Problem to solve:
Nothing is to be left out; print all the entries exactly.

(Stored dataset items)
-*-*-

lemma polygon_area_vertex_change:
  assumes c: "c \<in> cdisc H"
    and X: "\<forall>k<N. X k \<in> cdisc H" and X': "\<forall>k<N. X' k \<in> cdisc H" and N: "N > 0"
    and adj: "\<forall>k<N. X k = X' k \<or> X ((k+1) mod N) = X' ((k+1) mod N)"
  shows "polygon_area H c X N - polygon_area H c X' N
    = (\<Sum>k<N. area_arg H (X k) (X' k) (X ((k+N-1) mod N)))
      - (\<Sum>k<N. area_arg H (X k) (X' k) (X ((k+1) mod N)))"
proof -
  define \<phi> where "\<phi> t = area_arg H c (X t) (X' t)" for t
  define \<psi> where "\<psi> t = area_arg H (X t) (X' t) (X ((t+N-1) mod N))" for t
  have "area_arg H c (X k) (X ((k+1) mod N)) - area_arg H c (X' k) (X' ((k+1) mod N))
      = (\<phi> k - \<phi> ((k+1) mod N)) - area_arg H (X k) (X' k) (X ((k+1) mod N)) + \<psi> ((k+1) mod N)"
    if k: "k < N" for k
    unfolding \<phi>_def \<psi>_def mod_add_pred_Suc_mod[OF k]
    by (rule area_arg_edge_change[OF c]) (use X X' k N adj in \<open>simp_all\<close>)
  then have "polygon_area H c X N - polygon_area H c X' N
      = (\<Sum>k<N. (\<phi> k - \<phi> ((k+1) mod N)) - area_arg H (X k) (X' k) (X ((k+1) mod N))
          + \<psi> ((k+1) mod N))"
    unfolding polygon_area_def sum_subtractf[symmetric] by (intro sum.cong) simp_all
  also have "\<dots> = (\<Sum>k<N. \<phi> k - \<phi> ((k+1) mod N))
      - (\<Sum>k<N. area_arg H (X k) (X' k) (X ((k+1) mod N))) + (\<Sum>k<N. \<psi> ((k+1) mod N))"
    by (simp only: sum.distrib sum_subtractf)
  also have "(\<Sum>k<N. \<phi> k - \<phi> ((k+1) mod N)) = 0"
    using sum_lessThan_telescope_mod[OF N, of \<phi>] by (simp add: sum_subtractf)
  also have "(\<Sum>k<N. \<psi> ((k+1) mod N)) = (\<Sum>k<N. \<psi> k)" by (rule sum_lessThan_rotate1[OF N])
  finally show ?thesis unfolding \<psi>_def by simp
qed

end

section \<open>Words in the generators\<close>

declare hn_eq.trans[trans]

lemma hn_eq_append_cong: "hn_eq n u v \<Longrightarrow> hn_eq n (x @ u @ y) (x @ v @ y)"
proof (induction rule: hn_eq.induct)
  case (refl u)
  show ?case by (rule hn_eq.refl)
next
  case (sym u v)
  show ?case by (rule hn_eq.sym[OF sym.IH])
next
  case (trans u v w)
  then show ?case by (blast intro: hn_eq.trans)
next
  case (sq i u v)
  have "hn_eq n ((x @ u) @ [i, i] @ (v @ y)) ((x @ u) @ (v @ y))" by (rule hn_eq.sq[OF sq])
  then show ?case by simp
next
  case (rel u v)
  have "hn_eq n ((x @ u) @ rev [1..<n+1] @ (v @ y)) ((x @ u) @ (v @ y))" by (rule hn_eq.rel)
  then show ?case by simp
qed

-*-*-

Result below:
lemma polygon_area_vertex_change:
  assumes c: "c \<in> cdisc H"
    and X: "\<forall>k<N. X k \<in> cdisc H" and X': "\<forall>k<N. X' k \<in> cdisc H" and N: "N > 0"
    and adj: "\<forall>k<N. X k = X' k \<or> X ((k+1) mod N) = X' ((k+1) mod N)"
  shows "polygon_area H c X N - polygon_area H c X' N
    = (\<Sum>k<N. area_arg H (X k) (X' k) (X ((k+N-1) mod N)))
      - (\<Sum>k<N. area_arg H (X k) (X' k) (X ((k+1) mod N)))"
proof -
  define \<phi> where "\<phi> t = area_arg H c (X t) (X' t)" for t
  define \<psi> where "\<psi> t = area_arg H (X t) (X' t) (X ((t+N-1) mod N))" for t
  have "area_arg H c (X k) (X ((k+1) mod N)) - area_arg H c (X' k) (X' ((k+1) mod N))
      = (\<phi> k - \<phi> ((k+1) mod N)) - area_arg H (X k) (X' k) (X ((k+1) mod N)) + \<psi> ((k+1) mod N)"
    if k: "k < N" for k
    unfolding \<phi>_def \<psi>_def mod_add_pred_Suc_mod[OF k]
    by (rule area_arg_edge_change[OF c]) (use X X' k N adj in \<open>simp_all\<close>)
  then have "polygon_area H c X N - polygon_area H c X' N
      = (\<Sum>k<N. (\<phi> k - \<phi> ((k+1) mod N)) - area_arg H (X k) (X' k) (X ((k+1) mod N))
          + \<psi> ((k+1) mod N))"
    unfolding polygon_area_def sum_subtractf[symmetric] by (intro sum.cong) simp_all
  also have "\<dots> = (\<Sum>k<N. \<phi> k - \<phi> ((k+1) mod N))
      - (\<Sum>k<N. area_arg H (X k) (X' k) (X ((k+1) mod N))) + (\<Sum>k<N. \<psi> ((k+1) mod N))"
    by (simp only: sum.distrib sum_subtractf)
  also have "(\<Sum>k<N. \<phi> k - \<phi> ((k+1) mod N)) = 0"
    using sum_lessThan_telescope_mod[OF N, of \<phi>] by (simp add: sum_subtractf)
  also have "(\<Sum>k<N. \<psi> ((k+1) mod N)) = (\<Sum>k<N. \<psi> k)" by (rule sum_lessThan_rotate1[OF N])
  finally show ?thesis unfolding \<psi>_def by simp
qed

end

section \<open>Words in the generators\<close>

declare hn_eq.trans[trans]

lemma hn_eq_append_cong: "hn_eq n u v \<Longrightarrow> hn_eq n (x @ u @ y) (x @ v @ y)"
proof (induction rule: hn_eq.induct)
  case (refl u)
  show ?case by (rule hn_eq.refl)
next
  case (sym u v)
  show ?case by (rule hn_eq.sym[OF sym.IH])
next
  case (trans u v w)
  then show ?case by (blast intro: hn_eq.trans)
next
  case (sq i u v)
  have "hn_eq n ((x @ u) @ [i, i] @ (v @ y)) ((x @ u) @ (v @ y))" by (rule hn_eq.sq[OF sq])
  then show ?case by simp
next
  case (rel u v)
  have "hn_eq n ((x @ u) @ rev [1..<n+1] @ (v @ y)) ((x @ u) @ (v @ y))" by (rule hn_eq.rel)
  then show ?case by simp
qed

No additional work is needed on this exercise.